Tonight I’m going to have to go offline again, while I try booting with a Knoppix CD with a 2.4 kernel to test the hardware again. If that works, then I’m going to try 2.6 with no smp, and with the infamous “noapic” flag (whatever the hell that means).

My car, again.

As I wrote about in My car, the mother, my car recently required a huge amount of service because it was leaking oil. Well, it’s been about 1500 miles since then, and last night after 5 hours on the highway, I got a “oil pressure” warning light when turning at a traffic light. Oh oh. This morning it was making that clattering noise again. Oh oh. I bought some oil, and threw in two quarts. Then I changed, and it was still showing a quart down, so I threw in another. Un-fucking-believeable – they supposedly *fixed* the oil leak, and it went through 3 quarts in 500 miles?

Even my VW Beetle wasn’t that bad when it had over 150,000 miles on it.

What I’m wasting my day on today…

This happens on RedHat 7.3 – haven’t tried on something more recent.

Assume you have a machine where root can rsh to localhost (yeah, I know, but the machine isn’t on a network where there are any users, so it’s not as bad as it could be.)


rsh localhost "/etc/init.d/snmpd restart; echo 'DONE'"

will echo the “DONE” but never return unless you hit ^C twice.


rsh localhost "/etc/init.d/snmpd restart

works as expected.

Now take a script that does rsh'es to a bunch of machines and runs apt-get on them (as well as on the local machine) and does various configuration tasks on both the local and the other systems, including restarting services. See script run. Now, take the entire script, and
put a


{
} 2>&1 | tee -a /var/log/upgrade.log

around the whole thing, and suddenly it never finishes.

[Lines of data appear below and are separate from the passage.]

subsection \<open>The connecting map for a vertex link\<close>

lemma cone_cycle:
  fixes \<Delta> :: "'a::linorder set set" and z b :: "'a set \<Rightarrow> 'k::field"
  assumes fin: "finite \<Delta>" and cl: "down_closed \<Delta>"
    and z: "chain (link \<Delta> {x}) j z" "bd (link \<Delta> {x}) z = (\<lambda>_. 0)"
    and b: "chain (induced \<Delta> (- {x})) (j + 1) b" "bd (induced \<Delta> (- {x})) b = z"
  obtains c where "chain \<Delta> (j + 1) c" "bd \<Delta> c = (\<lambda>_. 0)" "contract x c = z"
proof
  let ?D = "induced \<Delta> (- {x})"
  define c where "c = (\<lambda>G. if x \<in> G then vertex_sign x (G - {x}) * z (G - {x}) else - b G)"
  have fin_faces: "\<forall>G\<in>\<Delta>. finite G" using finite_face[OF fin cl] by blast
  have zL: "z H \<noteq> 0 \<Longrightarrow> x \<notin> H \<and> insert x H \<in> \<Delta>" for H
    using z(1) by (auto simp: chain_def link_singleton)
  show contract_c: "contract x c = z"
  proof
    fix H show "contract x c H = z H"
      using zL[of H] vertex_sign_square[of x H]
      by (cases "x \<in> H") (auto simp: contract_def c_def mult.assoc[symmetric])
  qed
  show "chain \<Delta> (j + 1) c"
    unfolding chain_def
  proof (intro allI impI)
    fix G assume cG: "c G \<noteq> 0"
    show "G \<in> \<Delta> \<and> int (card G) = j + 1 + 1"
    proof (cases "x \<in> G")
      case True
      then have "z (G - {x}) \<noteq> 0" using cG by (simp add: c_def)
      then have "insert x (G - {x}) \<in> \<Delta>" "int (card (G - {x})) = j + 1"
        using zL[of "G - {x}"] z(1) unfolding chain_def by blast+
      then have "G \<in> \<Delta>" "int (card (G - {x})) = j + 1"
        using True by (simp_all add: insert_absorb)
      moreover have "card G = Suc (card (G - {x}))"
        using calculation(1) fin_faces True by (meson card.remove)
      ultimately show ?thesis by simp
    next
      case False
      then have "b G \<noteq> 0" using cG by (simp add: c_def)
      then show ?thesis using b(1) by (auto simp: chain_def induced_def)
    qed
  qed
  show "bd \<Delta> c = (\<lambda>_. 0)"
  proof
    fix G show "bd \<Delta> c G = 0"
    proof (cases "x \<in> G")
      case True
      then have xH: "x \<notin> G - {x}" and G: "G = insert x (G - {x})" by auto
      have "vertex_sign x (G - {x}) * bd \<Delta> c G = contract x (bd \<Delta> c) (G - {x})"
        using xH G by (simp add: contract_def)
      also have "\<dots> = 0" using contract_bd[OF fin_faces xH, of c] contract_c z(2) by simp
      finally show ?thesis by (simp add: vertex_sign_nonzero)
    next
      case False
      have "bd ?D c G = - bd ?D b G"
        unfolding bd_def by (auto simp: c_def induced_def sum_negf intro!: sum.cong)
      moreover have "(if insert x G \<in> \<Delta> then vertex_sign x G * c (insert x G) else 0) = z G"
        using False zL[of G] vertex_sign_square[of x G]
        by (auto simp: c_def mult.assoc[symmetric])
      ultimately show ?thesis
        using bd_split_vertex[OF finite_vertices[OF fin cl] False, of c] b(2) by simp
    qed
  qed
qed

See Paul waste his whole day trying different variations, each time requiring 45 minutes to put all the machines back to the version 3.3 configuration, and at least 20 minutes for the script to run. Can you say “bored and frustrated”, ladies and gentlemen?

And to top it all off, there’s an AIRMET for icing all along the route to Ottawa, so I won’t be flying after all.